UCNV_ILLEGAL  The code point is illegal.

For example, \x81\x2E is illegal in SJIS because \x2E is not a valid trail byte for the \x81 lead byte. Also, starting with Unicode 3.0.1, non-shortest byte sequences in UTF-8 (like \xC1\xA1 instead of \x61 for U+0061) are also illegal, not just irregular. The error code U_ILLEGAL_CHAR_FOUND will be set.

UCNV_IRREGULAR  The codepoint is not a regular sequence in the encoding.

For example, \xED\xA0\x80..\xED\xBF\xBF are irregular UTF-8 byte sequences for single surrogate code points. The error code U_INVALID_CHAR_FOUND will be set.

UCNV_RESET  The callback is called with this reason when a 'reset' has occured.

Callback should reset all state.

UCNV_CLOSE  Called when the converter is closed.

The callback should release any allocated memory.


Function Documentation

U_CAPI void U_EXPORT2 UCNV_FROM_U_CALLBACK_ESCAPE const void *    context,
UConverterFromUnicodeArgs   fromUArgs,
const UChar   codeUnits,
int32_t    length,
UChar32    codePoint,
UConverterCallbackReason    reason,
UErrorCode   err
 

DO NOT CALL THIS FUNCTION DIRECTLY! This From Unicode callback will Substitute the ILLEGAL SEQUENCE with the hexadecimal representation of the illegal codepoints.

Parameters:
context:  the function currently recognizes the callback options:
UCNV_ESCAPE_ICU: Substitues the ILLEGAL SEQUENCE with the hexadecimal representation in the format UXXXX, e.g. "uFFFEu00ACuC8FE"). In the Event the converter doesn't support the characters {u,%}[A-F][0-9], it will substitute the illegal sequence with the substitution characters. Note that codeUnit(32bit int eg: unit of a surrogate pair) is represented as UD84DUDC56 UCNV_ESCAPE_JAVA: Substitues the ILLEGAL SEQUENCE with the hexadecimal representation in the format \uXXXX, e.g. "\uFFFE\u00AC\uC8FE"). In the Event the converter doesn't support the characters {u,[A-F][0-9], it will substitute the illegal sequence with the substitution characters. Note that codeUnit(32bit int eg: unit of a surrogate pair) is represented as \uD84D\uDC56 UCNV_ESCAPE_C: Substitues the ILLEGAL SEQUENCE with the hexadecimal representation in the format \uXXXX, e.g. "\uFFFE\u00AC\uC8FE").

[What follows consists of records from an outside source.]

lemma walk_Cons_Cons_iff [simp]:
  "walk V E (u # v # xs) \<longleftrightarrow> u \<in> V \<and> E u v \<and> walk V E (v # xs)"
proof
  assume h: "walk V E (u # v # xs)"
  then have "\<forall>i < length xs. E ((v # xs) ! i) ((v # xs) ! Suc i)"
    unfolding walk_def by (metis Suc_less_eq length_Cons diff_Suc_1 nth_Cons_Suc)
  moreover have "u \<in> V" "E u v" "set (v # xs) \<subseteq> V"
    using h unfolding walk_def by (force simp: nth_Cons)+
  ultimately show "u \<in> V \<and> E u v \<and> walk V E (v # xs)"
    by (simp add: walk_def)
next
  assume "u \<in> V \<and> E u v \<and> walk V E (v # xs)"
  then show "walk V E (u # v # xs)"
    unfolding walk_def by (auto simp: nth_Cons split: nat.split)
qed

lemma walk_not_Nil: "walk V E xs \<Longrightarrow> xs \<noteq> []"
  by (simp add: walk_def)

lemma walk_append:
  "walk V E xs \<Longrightarrow> walk V E ys \<Longrightarrow> last xs = hd ys \<Longrightarrow> walk V E (xs @ tl ys)"
proof (induction xs rule: induct_list012)
  case (2 x)
  then show ?case by (cases ys) auto
next
  case (3 x y zs)
  then have "walk V E ((y # zs) @ tl ys)" by auto
  then show ?case using 3 by auto
qed (simp add: walk_def)

lemma dist_le_walk_length:
  "walk V E xs \<Longrightarrow> hd xs = u \<Longrightarrow> last xs = v \<Longrightarrow> dist V E u v \<le> enat (length xs - 1)"
  unfolding dist_def by (rule INF_lower) auto

lemma dist_greatest:
  "(\<And>xs. walk V E xs \<Longrightarrow> hd xs = u \<Longrightarrow> last xs = v \<Longrightarrow> k \<le> enat (length xs - 1))
   \<Longrightarrow> k \<le> dist V E u v"
  unfolding dist_def by (rule INF_greatest) auto

lemma dist_attained:
  assumes "dist V E u v \<noteq> \<infinity>"
  obtains xs where "walk V E xs" "hd xs = u" "last xs = v" "dist V E u v = enat (length xs - 1)"
proof -
  let ?A = "(\<lambda>xs. enat (length xs - 1)) ` {xs. walk V E xs \<and> hd xs = u \<and> last xs = v}"
  have "?A \<noteq> {}"
  proof
    assume "?A = {}"
    then have "Inf ?A = \<infinity>"
      by (simp only: Inf_empty top_enat_def)
    with assms show False
      unfolding dist_def by simp
  qed
  then have "Inf ?A \<in> ?A"
    by (auto simp: Inf_enat_def intro: LeastI)
  then show ?thesis
    using that by (auto simp: dist_def)
qed

lemma dist_self: "u \<in> V \<Longrightarrow> dist V E u u = 0"
  using dist_le_walk_length[of V E "[u]" u u] by (simp flip: zero_enat_def)

lemma dist_le_1_if_edge: "E u v \<Longrightarrow> u \<in> V \<Longrightarrow> v \<in> V \<Longrightarrow> dist V E u v \<le> 1"
  using dist_le_walk_length[of V E "[u, v]" u v] by (simp add: one_enat_def)

lemma dist_triangle: "dist V E u w \<le> dist V E u v + dist V E v w"
proof (cases "dist V E u v = \<infinity> \<or> dist V E v w = \<infinity>")
  case False
  then obtain xs ys where
    xs: "walk V E xs" "hd xs = u" "last xs = v" "dist V E u v = enat (length xs - 1)" and
    ys: "walk V E ys" "hd ys = v" "last ys = w" "dist V E v w = enat (length ys - 1)"
    using dist_attained by metis
  obtain y ys' where ys': "ys = y # ys'"
    using walk_not_Nil[OF ys(1)] by (cases ys) auto
  have "xs \<noteq> []"
    using walk_not_Nil[OF xs(1)] .
  then have "hd (xs @ ys') = u" "last (xs @ ys') = w"
      "length (xs @ ys') - 1 = (length xs - 1) + (length ys - 1)"
    using xs ys ys' by (auto simp: last_append Suc_leI)
  moreover have "walk V E (xs @ ys')"
    using walk_append[OF xs(1) ys(1)] xs(3) ys(2) ys' by simp
  ultimately have "dist V E u w \<le> enat ((length xs - 1) + (length ys - 1))"
    by (metis dist_le_walk_length)
  then show ?thesis
    using xs(4) ys(4) by simp
qed auto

In the Event the converter doesn't support the characters {u,U,[A-F][0-9], it will substitute the illegal sequence with the substitution characters. Note that codeUnit(32bit int eg: unit of a surrogate pair) is represented as \U00023456 UCNV_ESCAPE_XML_DEC: Substitues the ILLEGAL SEQUENCE with the decimal representation in the format &DDDDDDDD, e.g. "&#65534&#172&#51454"). In the Event the converter doesn't support the characters {&,#}[0-9], it will substitute the illegal sequence with the substitution characters. Note that codeUnit(32bit int eg: unit of a surrogate pair) is represented as &#144470 and Zero padding is ignored. UCNV_ESCAPE_XML_HEX:Substitues the ILLEGAL SEQUENCE with the decimal representation in the format &xXXXX, e.g. "&xFFFE&x00AC&xC8FE"). In the Event the converter doesn't support the characters {&,#,x}[0-9], it will substitute the illegal sequence with the substitution characters. Note that codeUnit(32bit int eg: unit of a surrogate pair) is represented as &x23456 @stable

U_CAPI void U_EXPORT2 UCNV_FROM_U_CALLBACK_SKIP const void *    context,
UConverterFromUnicodeArgs   fromUArgs,
const UChar   codeUnits,
int32_t    length,
UChar32    codePoint,
UConverterCallbackReason    reason,
UErrorCode   err
 

DO NOT CALL THIS FUNCTION DIRECTLY! This From Unicode callback skips any ILLEGAL_SEQUENCE, or skips only UNASSINGED_SEQUENCE depending on the context parameter simply ignoring those characters.

Parameters:
context:  the function currently recognizes the callback options: UCNV_SKIP_STOP_ON_ILLEGAL: STOPS at the ILLEGAL_SEQUENCE, returning the error code back to the caller immediately. NULL: Skips any ILLEGAL_SEQUENCE
@stable

U_CAPI void U_EXPORT2 UCNV_FROM_U_CALLBACK_STOP const void *    context,
UConverterFromUnicodeArgs   fromUArgs,
const UChar   codeUnits,
int32_t    length,
UChar32    codePoint,
UConverterCallbackReason    reason,
UErrorCode   err
 

DO NOT CALL THIS FUNCTION DIRECTLY! This From Unicode callback STOPS at the ILLEGAL_SEQUENCE, returning the error code back to the caller immediately.

@stable

U_CAPI void U_EXPORT2 UCNV_FROM_U_CALLBACK_SUBSTITUTE const void *    context,
UConverterFromUnicodeArgs   fromUArgs,
const UChar   codeUnits,
int32_t    length,
UChar32    codePoint,
UConverterCallbackReason    reason,
UErrorCode   err
 

DO NOT CALL THIS FUNCTION DIRECTLY! This From Unicode callback will Substitute the ILLEGAL SEQUENCE, or UNASSIGNED_SEQUENCE depending on context parameter, with the current substitution string for the converter.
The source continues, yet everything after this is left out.